BEGIN SUPPLIED MATERIAL

lemma dominated_subinvariant_eq_0:
  fixes \<Gamma> :: "'a \<Rightarrow> 'a measure" and w K :: "'a \<Rightarrow> ennreal"
  assumes \<beta>\<delta>: "0 < \<beta>" "\<beta> < \<delta>"
    and K_excessive: "\<And>x. x \<in> S \<Longrightarrow> ennreal \<delta> * (\<integral>\<^sup>+y. K y \<partial>\<Gamma> x) \<le> K x"
    and K_meas: "\<And>x. x \<in> S \<Longrightarrow> K \<in> borel_measurable (\<Gamma> x)"
    and \<Gamma>_S: "\<And>x. x \<in> S \<Longrightarrow> space (\<Gamma> x) \<subseteq> S"
    and w_sub: "\<And>x. x \<in> S \<Longrightarrow> w x \<le> ennreal \<beta> * (\<integral>\<^sup>+y. w y \<partial>\<Gamma> x)"
    and w_dom: "\<And>x. x \<in> S \<Longrightarrow> w x \<le> C * K x"
    and C_finite: "C < \<infinity>" and x_S: "x \<in> S" and Kx_finite: "K x < \<infinity>"
  shows "w x = 0"
proof -
  let ?q = "\<beta> / \<delta>"
  have q: "0 \<le> ?q" "?q < 1"
    using \<beta>\<delta> by auto
  have \<beta>_eq: "ennreal \<beta> = ennreal ?q * ennreal \<delta>"
    using \<beta>\<delta> by (simp add: ennreal_mult'[symmetric])
  have decay: "\<forall>x\<in>S. w x \<le> ennreal (?q ^ n) * (C * K x)" for n
  proof (induction n)
    case 0
    then show ?case using w_dom by simp
  next
    case (Suc n)
    show ?case
    proof
      fix x assume x: "x \<in> S"
      have "(\<integral>\<^sup>+y. w y \<partial>\<Gamma> x) \<le> (\<integral>\<^sup>+y. ennreal (?q ^ n) * (C * K y) \<partial>\<Gamma> x)"
        using Suc.IH \<Gamma>_S[OF x] by (intro nn_integral_mono) blast
      also have "\<dots> = ennreal (?q ^ n) * C * (\<integral>\<^sup>+y. K y \<partial>\<Gamma> x)"
        using K_meas[OF x] by (simp add: nn_integral_cmult mult.assoc)
      finally have "w x \<le> ennreal \<beta> * (ennreal (?q ^ n) * C * (\<integral>\<^sup>+y. K y \<partial>\<Gamma> x))"
        using w_sub[OF x] by (meson order_trans mult_left_mono zero_le)
      also have "\<dots> = ennreal (?q ^ Suc n) * C * (ennreal \<delta> * (\<integral>\<^sup>+y. K y \<partial>\<Gamma> x))"
        unfolding \<beta>_eq power_Suc ennreal_mult'[OF q(1)] by (simp only: mult_ac)
      also have "\<dots> \<le> ennreal (?q ^ Suc n) * (C * K x)"
        using K_excessive[OF x] by (simp add: mult.assoc mult_left_mono)
      finally show "w x \<le> ennreal (?q ^ Suc n) * (C * K x)" .
    qed
  qed
  have "C * K x < \<infinity>"
    using C_finite Kx_finite by (simp add: ennreal_mult_less_top)
  then obtain c where c: "C * K x = ennreal c" "0 \<le> c"
    by (cases "C * K x") auto
  have "(\<lambda>n. ennreal (?q ^ n * c)) \<longlonglongrightarrow> ennreal (0 * c)"
    using q by (intro tendsto_ennrealI tendsto_mult_right LIMSEQ_power_zero) auto
  moreover have "w x \<le> ennreal (?q ^ n * c)" for n
  proof -
    have "w x \<le> ennreal (?q ^ n) * (C * K x)"
      using decay[of n] x_S by blast
    then show ?thesis
      using c q by (simp add: ennreal_mult')
  qed
  ultimately have "w x \<le> 0"
    by (intro LIMSEQ_le_const) auto
  then show ?thesis by simp
qed

lemma ennreal_integral_le_nn_integral:
  fixes f :: "'a \<Rightarrow> real"
  shows "ennreal (\<integral>x. f x \<partial>M) \<le> (\<integral>\<^sup>+x. ennreal (f x) \<partial>M)"
proof (cases "integrable M f")
  case True
  have "(\<integral>x. f x \<partial>M) \<le> (\<integral>x. max 0 (f x) \<partial>M)"
    using True by (intro integral_mono) auto
  moreover have "ennreal (\<integral>x. max 0 (f x) \<partial>M) = (\<integral>\<^sup>+x. ennreal (f x) \<partial>M)"
    using True by (subst nn_integral_eq_integral[symmetric]) (auto intro: nn_integral_cong)
  ultimately show ?thesis
    by (metis ennreal_leI)
qed (simp add: not_integrable_integral_eq)
lemma six_le_sp_weight:
  fixes g :: "'a::field poly"
  assumes n: "6 \<le> n" and g: "g dvd monom 1 n - 1" "degree g = 4"
    and no_trinomial: "\<And>u b w j. u \<noteq> 0 \<Longrightarrow> w \<noteq> 0 \<Longrightarrow> 2 \<le> j \<Longrightarrow> j < n \<Longrightarrow>
        \<not> g dvd [:u, b:] + monom w j"
    and v: "v \<in> cyclic_code n g" "v \<noteq> (\<lambda>_. 0)"
  shows "6 \<le> sp_weight n v"
proof (rule ccontr)
  assume "\<not> 6 \<le> sp_weight n v"
  then have small_v: "sp_weight n v \<le> 5" "sp_weight n v < n"
    using n by simp_all
  have n0: "0 < n"
    using n by simp
  obtain w where "w \<in> cyclic_code n g" and w0: "w 0 \<noteq> 0" and wl: "w (n - 1) = 0"
    and "sp_weight n w \<le> sp_weight n v"
    using obtain_codeword_run_start[OF g(1) n0 v small_v(2)] by blast
  then have wsupp: "\<forall>i\<ge>n. w i = 0" and gw: "g dvd poly_of_vec n w"
    and small: "sp_weight n w \<le> 5"
    using mem_cyclic_code_iff[OF g(1) n0] small_v(1) by auto
  from small show False
  proof (rule small_sp_weight_cases[OF n wsupp w0 wl])
    assume "{i. w i \<noteq> 0} \<subseteq> {0..3}"
    then have "degree (poly_of_vec n w) \<le> 3"
      by (intro degree_le) (auto simp: coeff_poly_of_vec subset_iff)
    moreover have "poly_of_vec n w \<noteq> 0"
      using w0 n0 coeff_poly_of_vec[of n w 0] by auto
    ultimately show False
      using dvd_imp_degree_le[OF gw] g(2) by simp
  next
    fix k assume k: "4 \<le> k" "k \<le> n - 2" "w k \<noteq> 0" "{i. w i \<noteq> 0} \<subseteq> {0, 1, k}"
    have "poly_of_vec n w = monom (w 0) 0 + monom (w 1) 1 + monom (w k) k"
      using k by (subst poly_of_vec_eq_sum[of w "{0, 1, k}"]) auto
    then have "poly_of_vec n w = [:w 0, w 1:] + monom (w k) k"
      by (simp add: monom_0 monom_Suc)
    then show False
      using no_trinomial[of "w 0" "w k" k "w 1"] w0 gw k n by simp
  next
    fix k assume k: "4 \<le> k" "k \<le> n - 2" "w k \<noteq> 0" "w (k - 1) \<noteq> 0"
      "{i. w i \<noteq> 0} \<subseteq> {0, k - 1, k}"
    have "poly_of_vec n w = monom (w 0) 0 + monom (w (k - 1)) (k - 1) + monom (w k) k"
      using k by (subst poly_of_vec_eq_sum[of w "{0, k - 1, k}"]) auto
    also have "\<dots> = [:w 0:] + monom 1 (k - 1) * [:w (k - 1), w k:]"
    proof -
      have "monom 1 (k - 1) * [:w (k - 1), w k:]
          = monom (w (k - 1)) (k - 1) + monom (w k) (Suc (k - 1))"
        by (simp add: monom_altdef algebra_simps)
      with k(1) show ?thesis
        by (simp add: monom_0)
    qed
    \<comment> \<open>multiplying by \<open>x^(n-k+1)\<close> modulo \<open>x^n - 1\<close> moves the run \<open>w (k-1), w k\<close> to the front\<close>
    finally have "g dvd monom 1 (n - (k - 1)) * [:w 0:] + [:w (k - 1), w k:]"
      using gw k(2) by (intro dvd_rotate_mod_monom_minus_1[OF g(1)]) auto
    then have "g dvd [:w (k - 1), w k:] + monom (w 0) (n - (k - 1))"
      by (simp add: monom_altdef add.commute)
    moreover have "2 \<le> n - (k - 1)" "n - (k - 1) < n"
      using k(1,2) by linarith+
    ultimately show False
      using no_trinomial[of "w (k - 1)" "w 0" "n - (k - 1)" "w k"] w0 k(4) by blast
  qed
qed

lemma MDS_symbol_pair_cyclic_code_degree_4:
  fixes g :: "'a::{field,finite} poly"
  assumes n: "6 \<le> n" and g: "g dvd monom 1 n - 1" "degree g = 4"
    and no_trinomial: "\<And>u b w j. u \<noteq> 0 \<Longrightarrow> w \<noteq> 0 \<Longrightarrow> 2 \<le> j \<Longrightarrow> j < n \<Longrightarrow>
        \<not> g dvd [:u, b:] + monom w j"
  shows "MDS_symbol_pair CARD('a) n (cyclic_code n g) 6"
proof -
  have n0: "0 < n" using n by simp
  have g0: "g \<noteq> 0" using g(2) by auto
  have zero: "(\<lambda>_. 0) \<in> cyclic_code n g"
    by (simp add: mem_cyclic_code_iff[OF g(1) n0] poly_of_vec_def)
  have deg: "degree g < n"
    using n g(2) by simp
  have gen: "vec_of_poly n g \<in> cyclic_code n g"
    unfolding mem_cyclic_code_iff[OF g(1) n0] poly_of_vec_of_poly[OF deg]
    by (simp add: vec_of_poly_def)
  have "vec_of_poly n g 4 \<noteq> 0"
    using leading_coeff_neq_0[OF g0] n g(2) by (simp add: vec_of_poly_def)
  then have gen_nonzero: "vec_of_poly n g \<noteq> (\<lambda>_. 0)"
    by auto
  have "min_sp_dist n (cyclic_code n g) = 6"
  proof (rule min_sp_dist_eqI[OF _ gen zero gen_nonzero])
    fix x y assume "x \<in> cyclic_code n g" "y \<in> cyclic_code n g" "x \<noteq> y"
    then show "6 \<le> sp_dist n x y"
      unfolding sp_dist_eq_sp_weight_diff
      by (intro six_le_sp_weight[OF n g no_trinomial] diff_mem_cyclic_code[OF g(1) n0])
        (auto simp: fun_diff_def fun_eq_iff)
  next
    show "sp_dist n (vec_of_poly n g) (\<lambda>_. 0) \<le> 6"
      using sp_weight_vec_of_poly_le[of g n] n g(2)
      by (simp add: sp_dist_eq_sp_weight_diff fun_diff_def)
  qed
  moreover have "card (cyclic_code n g) = CARD('a) ^ (n + 2 - 6)"
    using card_cyclic_code[OF g(1) g0] n g(2) by simp
  ultimately show ?thesis
    by (simp add: MDS_symbol_pair_def)
qed
(* Let $\nu\ge3$ be a square-free integer with $\nu\equiv2$ or $3\pmod 4$. Define $x_0=0$ and $x_{n+1}=\sqrt{\nu+x_n}$. Let $n\ge1$. For any maximal ideal $\mathcal{P}\subseteq\mathbb{Z}[x_n]$ with $\mathcal{P}\cap\mathbb{Z}=2\mathbb{Z}$, the localization of $\mathbb{Z}[x_n]$ at $\mathcal{P}$ is a discrete valuation ring.
   Context: Square roots are the positive real ones. *)

theory Defs
  imports "HOL-Algebra.Algebra" "HOL-Computational_Algebra.Polynomial"
    "HOL-Computational_Algebra.Squarefree"
begin

fun nested_sqrt :: "int \<Rightarrow> nat \<Rightarrow> real" where
  "nested_sqrt \<nu> 0 = 0"
| "nested_sqrt \<nu> (Suc n) = sqrt (of_int \<nu> + nested_sqrt \<nu> n)"

definition int_adjoin :: "real \<Rightarrow> real set" where
  "int_adjoin a = {poly (map_poly of_int p) a | p :: int poly. True}"

definition real_subring :: "real set \<Rightarrow> real ring" where
  "real_subring S = \<lparr>carrier = S, monoid.mult = (*), one = 1, ring.zero = 0, ring.add = (+)\<rparr>"

text \<open>Localization of a subring A of the reals (a domain) at a prime ideal P,
  realized inside the fraction field: the ring of fractions a/b with a in A, b in A - P.\<close>
definition localization_at :: "real set \<Rightarrow> real set \<Rightarrow> real set" where
  "localization_at A P = {a / b | a b. a \<in> A \<and> b \<in> A - P}"

definition DVR :: "'a ring \<Rightarrow> bool" where
  "DVR R \<longleftrightarrow> principal_domain R \<and> \<not> field R \<and> (\<exists>!M. maximalideal M R)"

end

theory Submission
  imports Defs "HOL-Library.Z2" "HOL-Computational_Algebra.Polynomial_Factorial"
begin

text \<open>Put y = x(n) + n\<nu>, so that \<int>[x(n)] = \<int>[y]. Unwinding x(k+1)^2 = \<nu> + x(k) gives a
  monic integer polynomial of degree 2^n with root y which is X^(2^n) modulo 2 and whose constant
  term is 2 modulo 4 (this is where \<nu> \<equiv> 2, 3 mod 4 enters): it is Eisenstein at 2.

  For a root y of a monic polynomial of degree D that is Eisenstein at p, and a prime P of \<int>[y]
  with P \<inter> \<int> = p\<int>, one has y^D = p H(y) with H(y) a unit of \<int>[y]_P, so p is y^D times a
  unit. Write an element of \<int>[y] as an integer combination of 1, y, ..., y^(D-1) and pull out
  the largest power of p dividing all coefficients; the first remaining coefficient prime to p
  shows that every nonzero element of \<int>[y]_P is a power of y times a unit. Hence \<int>[y]_P is a
  discrete valuation ring with uniformizer y.\<close>

lemma map_poly_of_int_add:
  "map_poly (of_int :: int \<Rightarrow> 'a::comm_ring_1) (p + q) = map_poly of_int p + map_poly of_int q"
  by (rule poly_eqI) (simp add: coeff_map_poly)

lemma map_poly_of_int_uminus:
  "map_poly (of_int :: int \<Rightarrow> 'a::comm_ring_1) (- p) = - map_poly of_int p"
  by (rule poly_eqI) (simp add: coeff_map_poly)

lemma map_poly_of_int_diff:
  "map_poly (of_int :: int \<Rightarrow> 'a::comm_ring_1) (p - q) = map_poly of_int p - map_poly of_int q"
  by (rule poly_eqI) (simp add: coeff_map_poly)

lemma map_poly_of_int_mult:
  "map_poly (of_int :: int \<Rightarrow> 'a::comm_ring_1) (p * q) = map_poly of_int p * map_poly of_int q"
  by (induct p) (simp_all add: map_poly_pCons map_poly_smult map_poly_of_int_add)

lemma map_poly_of_int_pcompose:
  "map_poly (of_int :: int \<Rightarrow> 'a::comm_ring_1) (pcompose p q) =
     pcompose (map_poly of_int p) (map_poly of_int q)"
  by (induct p) (simp_all add: map_poly_pCons pcompose_pCons map_poly_of_int_add map_poly_of_int_mult)

lemma pcompose_monom: "pcompose (monom c n) q = smult c (q ^ n)"
  by (induct n) (simp_all add: monom_0 monom_Suc pcompose_pCons)

lemma const_poly_dvd_pCons_iff:
  fixes c :: "'a::{comm_semiring_1,semiring_no_zero_divisors}"
  shows "[:c:] dvd pCons a q \<longleftrightarrow> c dvd a \<and> [:c:] dvd q"
  by (auto simp: const_poly_dvd_iff coeff_pCons split: nat.splits)

lemma of_int_bit_eq_0_iff: "(of_int k :: bit) = 0 \<longleftrightarrow> even k"
  by (cases "even k") (auto elim!: evenE oddE)

definition eisenstein_at :: "int \<Rightarrow> int poly \<Rightarrow> bool" where
  "eisenstein_at p g \<longleftrightarrow>
     \<not> p dvd lead_coeff g \<and> (\<forall>i<degree g. p dvd coeff g i) \<and> \<not> p\<^sup>2 dvd coeff g 0"

lemma real_subring_simps [simp]:
  "carrier (real_subring S) = S" "monoid.mult (real_subring S) = (*)" "one (real_subring S) = 1"
  "ring.zero (real_subring S) = 0" "ring.add (real_subring S) = (+)"
  by (simp_all add: real_subring_def)

locale subring_of_reals =
  fixes S :: "real set"
  assumes zero_mem: "0 \<in> S" and one_mem: "1 \<in> S"
    and add_mem: "a \<in> S \<Longrightarrow> b \<in> S \<Longrightarrow> a + b \<in> S"
    and mult_mem: "a \<in> S \<Longrightarrow> b \<in> S \<Longrightarrow> a * b \<in> S"
    and uminus_mem: "a \<in> S \<Longrightarrow> - a \<in> S"
begin

lemma power_mem: "a \<in> S \<Longrightarrow> a ^ k \<in> S"
  by (induct k) (auto intro: one_mem mult_mem)

lemma of_int_mem: "of_int k \<in> S"
proof -
  have "of_nat n \<in> S" for n
    by (induct n) (auto intro: zero_mem one_mem add_mem)
  moreover have "(of_int k :: real) = of_nat (nat k) + - of_nat (nat (- k))"
    by simp
  ultimately show ?thesis
    by (metis add_mem uminus_mem)
qed

lemma cring: "cring (real_subring S)"
proof (rule cringI)
  show "abelian_group (real_subring S)"
  proof (rule abelian_groupI)
    show "\<exists>y\<in>carrier (real_subring S). y \<oplus>\<^bsub>real_subring S\<^esub> x = \<zero>\<^bsub>real_subring S\<^esub>"
      if "x \<in> carrier (real_subring S)" for x
      using that uminus_mem by (intro bexI[of _ "- x"]) auto
  qed (auto intro: add_mem zero_mem)
  show "comm_monoid (real_subring S)"
    by (rule comm_monoidI) (auto intro: mult_mem one_mem)
qed (simp add: algebra_simps)

lemma domain: "domain (real_subring S)"
  by (rule domainI[OF cring]) auto

lemma Units_iff: "u \<in> Units (real_subring S) \<longleftrightarrow> u \<in> S \<and> u \<noteq> 0 \<and> inverse u \<in> S"
proof -
  have "(\<exists>v\<in>S. v * u = 1) \<longleftrightarrow> u \<noteq> 0 \<and> inverse u \<in> S"
  proof
    assume "\<exists>v\<in>S. v * u = 1"
    then obtain v where "v \<in> S" "v * u = 1" by blast
    then show "u \<noteq> 0 \<and> inverse u \<in> S"
      by (metis inverse_unique mult.commute mult_zero_right zero_neq_one)
  qed (auto intro!: bexI[of _ "inverse u"])
  then show ?thesis
    unfolding Units_def by (auto simp: mult.commute)
qed

lemma Units_mult:
  "u \<in> Units (real_subring S) \<Longrightarrow> v \<in> Units (real_subring S) \<Longrightarrow> u * v \<in> Units (real_subring S)"
  by (auto simp: Units_iff mult_mem)

lemma Units_power: "u \<in> Units (real_subring S) \<Longrightarrow> u ^ n \<in> Units (real_subring S)"
proof (induct n)
  case 0
  show ?case using one_mem by (simp add: Units_iff)
next
  case (Suc n)
  then show ?case by (simp add: Units_mult)
qed

lemma Units_inverse: "u \<in> Units (real_subring S) \<Longrightarrow> inverse u \<in> Units (real_subring S)"
  by (simp add: Units_iff)

lemma ideal_subset: "ideal I (real_subring S) \<Longrightarrow> I \<subseteq> S"
  using ideal.axioms(1) additive_subgroup.a_subset by fastforce

lemma ideal_mult_mem: "ideal I (real_subring S) \<Longrightarrow> a \<in> I \<Longrightarrow> x \<in> S \<Longrightarrow> x * a \<in> I"
  using ideal.I_l_closed by fastforce

lemma ideal_eq_carrier_if_unit:
  assumes J: "ideal J (real_subring S)" and "u \<in> J" and "u \<in> Units (real_subring S)"
  shows "J = S"
proof
  show "S \<subseteq> J"
  proof
    fix w assume "w \<in> S"
    then have "(w * inverse u) * u \<in> J"
      using assms by (intro ideal_mult_mem[OF J]) (auto simp: Units_iff mult_mem)
    moreover have "(w * inverse u) * u = w"
      using assms by (simp add: Units_iff)
    ultimately show "w \<in> J" by simp
  qed
qed (rule ideal_subset[OF J])

lemma PIdl_eq: "PIdl\<^bsub>real_subring S\<^esub> a = {x * a | x. x \<in> S}"
  by (simp add: cgenideal_def)

end

locale real_ring_with_uniformizer = subring_of_reals L for L +
  fixes \<pi> :: real
  assumes uniformizer_mem: "\<pi> \<in> L" and uniformizer_nonzero: "\<pi> \<noteq> 0"
    and uniformizer_not_unit: "\<pi> \<notin> Units (real_subring L)"
    and uniformizer_factor: "\<And>z. z \<in> L \<Longrightarrow> z \<noteq> 0 \<Longrightarrow>
      \<exists>k u. z = \<pi> ^ k * u \<and> u \<in> Units (real_subring L)"
begin

lemma nonzero_ideal_eq_PIdl_power:
  assumes I: "ideal I (real_subring L)" and "I \<noteq> {0}"
  shows "\<exists>k. I = PIdl\<^bsub>real_subring L\<^esub> (\<pi> ^ k)"
proof -
  have power_mem_I: "\<pi> ^ k \<in> I" if "z \<in> I" "z = \<pi> ^ k * u" "u \<in> Units (real_subring L)" for z k u
  proof -
    have "inverse u * z \<in> I"
      using that ideal_mult_mem[OF I] by (simp add: Units_iff)
    moreover have "inverse u * z = \<pi> ^ k"
      using that by (simp add: Units_iff)
    ultimately show ?thesis by simp
  qed
  obtain z where z: "z \<in> I" "z \<noteq> 0"
    using \<open>I \<noteq> {0}\<close> additive_subgroup.zero_closed[OF ideal.axioms(1)[OF I]] by auto
  define k0 where "k0 = (LEAST k. \<pi> ^ k \<in> I)"
  have "\<exists>k. \<pi> ^ k \<in> I"
    using z ideal_subset[OF I] uniformizer_factor power_mem_I by blast
  then have k0: "\<pi> ^ k0 \<in> I"
    unfolding k0_def by (rule LeastI_ex)
  have "w \<in> {x * \<pi> ^ k0 | x. x \<in> L}" if w: "w \<in> I" for w
  proof (cases "w = 0")
    case True
    then show ?thesis using zero_mem by auto
  next
    case False
    then obtain m u where mu: "w = \<pi> ^ m * u" "u \<in> Units (real_subring L)"
      using uniformizer_factor ideal_subset[OF I] w by blast
    then have "k0 \<le> m"
      unfolding k0_def using power_mem_I[OF w] by (blast intro: Least_le)
    then have "w = (\<pi> ^ (m - k0) * u) * \<pi> ^ k0"
      using mu by (simp add: power_add[symmetric] algebra_simps)
    moreover have "\<pi> ^ (m - k0) * u \<in> L"
      using mu by (simp add: Units_iff mult_mem power_mem uniformizer_mem)
    ultimately show ?thesis by blast
  qed
  moreover have "{x * \<pi> ^ k0 | x. x \<in> L} \<subseteq> I"
    using ideal_mult_mem[OF I k0] by blast
  ultimately show ?thesis
    unfolding PIdl_eq by blast
qed

lemma principal_domain: "principal_domain (real_subring L)"
proof (intro principal_domain.intro principal_domain_axioms.intro domain)
  fix I assume I: "ideal I (real_subring L)"
  show "\<exists>a\<in>carrier (real_subring L). I = PIdl\<^bsub>real_subring L\<^esub> a"
  proof (cases "I = {0}")
    case True
    then show ?thesis using zero_mem by (auto simp: PIdl_eq intro!: bexI[of _ 0])
  next
    case False
    then show ?thesis
      using nonzero_ideal_eq_PIdl_power[OF I] power_mem[OF uniformizer_mem] by auto
  qed
qed

lemma not_field: "\<not> field (real_subring L)"
  using field.field_Units uniformizer_mem uniformizer_nonzero uniformizer_not_unit by fastforce

lemma nonunits_eq_PIdl: "L - Units (real_subring L) = PIdl\<^bsub>real_subring L\<^esub> \<pi>"
proof (intro equalityI subsetI)
  fix z assume z: "z \<in> L - Units (real_subring L)"
  show "z \<in> PIdl\<^bsub>real_subring L\<^esub> \<pi>"
  proof (cases "z = 0")
    case True
    then show ?thesis using zero_mem by (auto simp: PIdl_eq)
  next
    case False
    then obtain k u where ku: "z = \<pi> ^ k * u" "u \<in> Units (real_subring L)"
      using uniformizer_factor z by blast
    with z have "k \<noteq> 0" by (metis DiffD2 mult_1 power_0)
    then have "z = (\<pi> ^ (k - 1) * u) * \<pi>"
      using ku by (simp add: power_eq_if algebra_simps)
    moreover have "\<pi> ^ (k - 1) * u \<in> L"
      using ku by (simp add: Units_iff mult_mem power_mem uniformizer_mem)
    ultimately show ?thesis by (auto simp: PIdl_eq)
  qed
next
  fix z assume "z \<in> PIdl\<^bsub>real_subring L\<^esub> \<pi>"
  then obtain x where x: "x \<in> L" "z = x * \<pi>" by (auto simp: PIdl_eq)
  have "z \<notin> Units (real_subring L)"
  proof
    assume "z \<in> Units (real_subring L)"
    then have "x * inverse z \<in> L" using x by (simp add: Units_iff mult_mem)
    moreover have "x * inverse z = inverse \<pi>"
      using \<open>z \<in> Units (real_subring L)\<close> x by (auto simp: Units_iff)
    ultimately show False
      using uniformizer_mem uniformizer_nonzero uniformizer_not_unit by (simp add: Units_iff)
  qed
  then show "z \<in> L - Units (real_subring L)"
    using x mult_mem uniformizer_mem by blast
qed

lemma DVR: "DVR (real_subring L)"
proof -
  let ?M = "L - Units (real_subring L)"
  have one_unit: "1 \<in> Units (real_subring L)"
    using one_mem by (simp add: Units_iff)
  have M_ideal: "ideal ?M (real_subring L)"
    unfolding nonunits_eq_PIdl using cring.cgenideal_ideal[OF cring] uniformizer_mem by simp
  have subset_M: "J \<subseteq> ?M" if "ideal J (real_subring L)" "J \<noteq> L" for J
    using that ideal_eq_carrier_if_unit ideal_subset by blast
  have M_maximal: "maximalideal ?M (real_subring L)"
  proof (rule maximalidealI[OF M_ideal])
    show "carrier (real_subring L) \<noteq> ?M"
      using one_mem one_unit by auto
    show "J = ?M \<or> J = carrier (real_subring L)"
      if "ideal J (real_subring L)" "?M \<subseteq> J" "J \<subseteq> carrier (real_subring L)" for J
      using that subset_M by auto
  qed
  have "M' = ?M" if "maximalideal M' (real_subring L)" for M'
  proof -
    interpret M': maximalideal M' "real_subring L" by fact
    have "M' \<subseteq> ?M"
      using subset_M M'.is_ideal M'.I_notcarr by simp
    then show ?thesis
      using M'.I_maximal[OF M_ideal] M_maximal maximalideal.I_notcarr by fastforce
  qed
  then show ?thesis
    unfolding DVR_def using principal_domain not_field M_maximal by blast
qed

end

locale real_localization = subring_of_reals A for A +
  fixes P :: "real set"
  assumes primeideal: "primeideal P (real_subring A)"
begin

abbreviation "A\<^sub>P \<equiv> localization_at A P"

lemma P_subset: "P \<subseteq> A"
  using primeideal ideal_subset primeideal.axioms(1) by blast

END SUPPLIED MATERIAL

*TASK INSTRUCTIONS*. Across the material above, how many lines contain the string "monic"? The reply should be that number alone.

*RESPONSE TO THIS EXERCISE*. 2